• [What needs to be done]:
Of the material below, the lines to be retyped are those from the line containing "real) \<Rightarrow> 'x" through the line containing "using D(2) B(4)", inclusive; reproduce them exactly.
Stored data: Begin
(* Let $\mathsf{X}=\mathsf{Y}=\{0,1\}$, $\mu=\psi=\mathrm{Bernoulli}(1/2)$ and $\rho(x,y)=1_{\{x\ne y\}}$ (Hamming distortion). Then for every $D\in(0,1/2)$, $$I_0(\mu\|\psi,D)<C_0(\mu\|\psi,D).$$
   Context: $I_0(\mu\|\psi,D):=\min\{\max(I(X;U),I(Y;U)):\ P_X=\mu,\ P_Y=\psi,\ \mathbb{E}[\rho(X,Y)]\le D,\ X-U-Y\text{ Markov},\ |\mathsf{U}|\le|\mathsf{X}|+|\mathsf{Y}|+1\}$ (the minimum coding rate with no common randomness for the output-constrained problem). Wyner's common information of a joint law $P_{X,Y}$ is $C(X;Y):=\inf\{I(X,Y;U): X-U-Y\text{ Markov}, U \text{ finite-valued}\}$, and $C_0(\mu\|\psi,D):=\min\{C(X;Y): P_X=\mu,\ P_Y=\psi,\ \mathbb{E}[\rho(X,Y)]\le D\}$. *)

theory Defs
  imports Complex_Main
begin

text \<open>Joint laws of (U,X,Y) with U taking values in nat (any finite alphabet
embeds in nat), X :: 'x, Y :: 'y finite types. A law is a function
p u x y = P(U=u, X=x, Y=y).\<close>

definition usupp :: "(nat \<Rightarrow> 'x::finite \<Rightarrow> 'y::finite \<Rightarrow> real) \<Rightarrow> nat set" where
  "usupp p = {u. \<exists>x y. p u x y \<noteq> 0}"

definition is_law3 :: "(nat \<Rightarrow> 'x::finite \<Rightarrow> 'y::finite \<Rightarrow> real) \<Rightarrow> bool" where
  "is_law3 p \<longleftrightarrow> (\<forall>u x y. 0 \<le> p u x y) \<and> finite (usupp p) \<and>
     (\<Sum>u\<in>usupp p. \<Sum>x\<in>UNIV. \<Sum>y\<in>UNIV. p u x y) = 1"

definition marg_X :: "(nat \<Rightarrow> 'x::finite \<Rightarrow> 'y::finite \<Rightarrow> real) \<Rightarrow> 'x \<Rightarrow> real" where
  "marg_X p x = (\<Sum>u\<in>usupp p. \<Sum>y\<in>UNIV. p u x y)"

definition marg_Y :: "(nat \<Rightarrow> 'x::finite \<Rightarrow> 'y::finite \<Rightarrow> real) \<Rightarrow> 'y \<Rightarrow> real" where
  "marg_Y p y = (\<Sum>u\<in>usupp p. \<Sum>x\<in>UNIV. p u x y)"
lemma subset_span_pair_if_dim_le_2:
  fixes S :: "('a::field^'n) set"
  assumes "vec.dim S \<le> 2" "CARD('n) \<ge> 2"
  obtains x y where "vec.independent {x, y}" "x \<noteq> y" "S \<subseteq> vec.span {x, y}"
proof -
  obtain B where B: "B \<subseteq> S" "vec.independent B" "S \<subseteq> vec.span B" "card B = vec.dim S"
    by (rule vec.basis_exists)
  obtain C where C: "B \<subseteq> C" "vec.independent C" "UNIV \<subseteq> vec.span C"
    using vec.maximal_independent_subset_extend[of B UNIV] B(2) by auto
  have "finite C"
    using C(2) vec.finiteI_independent by blast
  have "card C = CARD('n)"
    using vec.dim_eq_card_independent[OF C(2)] C(3) vec_dim_card
    by (metis top.extremum_uniqueI vec.dim_span)
  then have "card (C - B) \<ge> 2 - card B"
    using assms(2) card_Diff_subset[OF finite_subset[OF C(1) \<open>finite C\<close>] C(1)] by simp
  then obtain D where D: "D \<subseteq> C - B" "card D = 2 - card B"
    by (meson obtain_subset_with_card_n)
  have "finite B" "finite D"
    using \<open>finite C\<close> C(1) D(1) finite_subset by blast+
  moreover have "B \<inter> D = {}"
    using D(1) by blast
  ultimately have "card (B \<union> D) = 2"
    using D(2) B(4) assms(1) by (simp add: card_Un_disjoint)
  then obtain x y where xy: "B \<union> D = {x, y}" "x \<noteq> y"
    unfolding card_2_iff by blast
  have "B \<union> D \<subseteq> C"
    using C(1) D(1) by blast
  then have "vec.independent {x, y}"
    unfolding xy(1)[symmetric] by (rule vec.independent_mono[OF C(2)])
  moreover have "S \<subseteq> vec.span {x, y}"
    unfolding xy(1)[symmetric] using B(3) vec.span_mono[of B "B \<union> D"] by blast
  ultimately show ?thesis
    using that xy(2) by blast
qed

lemma subspace_eq_span_pair:
  fixes U :: "('a::field^'n) set"
  assumes "vec.subspace U" "vec.dim U \<le> 2" "x \<in> U" "y \<in> U" "vec.independent {x, y}" "x \<noteq> y"
  shows "U = vec.span {x, y}"
proof
  show "U \<subseteq> vec.span {x, y}"
    using assms(2-6) by (intro vec.card_ge_dim_independent) auto
  show "vec.span {x, y} \<subseteq> U"
    using assms(1,3,4) by (intro vec.span_minimal) auto
qed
Stored data: End
• [Answer area]:
definition marg_X :: "(nat \<Rightarrow> 'x::finite \<Rightarrow> 'y::finite \<Rightarrow> real) \<Rightarrow> 'x \<Rightarrow> real" where
  "marg_X p x = (\<Sum>u\<in>usupp p. \<Sum>y\<in>UNIV. p u x y)"

definition marg_Y :: "(nat \<Rightarrow> 'x::finite \<Rightarrow> 'y::finite \<Rightarrow> real) \<Rightarrow> 'y \<Rightarrow> real" where
  "marg_Y p y = (\<Sum>u\<in>usupp p. \<Sum>x\<in>UNIV. p u x y)"
lemma subset_span_pair_if_dim_le_2:
  fixes S :: "('a::field^'n) set"
  assumes "vec.dim S \<le> 2" "CARD('n) \<ge> 2"
  obtains x y where "vec.independent {x, y}" "x \<noteq> y" "S \<subseteq> vec.span {x, y}"
proof -
  obtain B where B: "B \<subseteq> S" "vec.independent B" "S \<subseteq> vec.span B" "card B = vec.dim S"
    by (rule vec.basis_exists)
  obtain C where C: "B \<subseteq> C" "vec.independent C" "UNIV \<subseteq> vec.span C"
    using vec.maximal_independent_subset_extend[of B UNIV] B(2) by auto
  have "finite C"
    using C(2) vec.finiteI_independent by blast
  have "card C = CARD('n)"
    using vec.dim_eq_card_independent[OF C(2)] C(3) vec_dim_card
    by (metis top.extremum_uniqueI vec.dim_span)
  then have "card (C - B) \<ge> 2 - card B"
    using assms(2) card_Diff_subset[OF finite_subset[OF C(1) \<open>finite C\<close>] C(1)] by simp
  then obtain D where D: "D \<subseteq> C - B" "card D = 2 - card B"
    by (meson obtain_subset_with_card_n)
  have "finite B" "finite D"
    using \<open>finite C\<close> C(1) D(1) finite_subset by blast+
  moreover have "B \<inter> D = {}"
    using D(1) by blast
  ultimately have "card (B \<union> D) = 2"
    using D(2) B(4) assms(1) by (simp add: card_Un_disjoint)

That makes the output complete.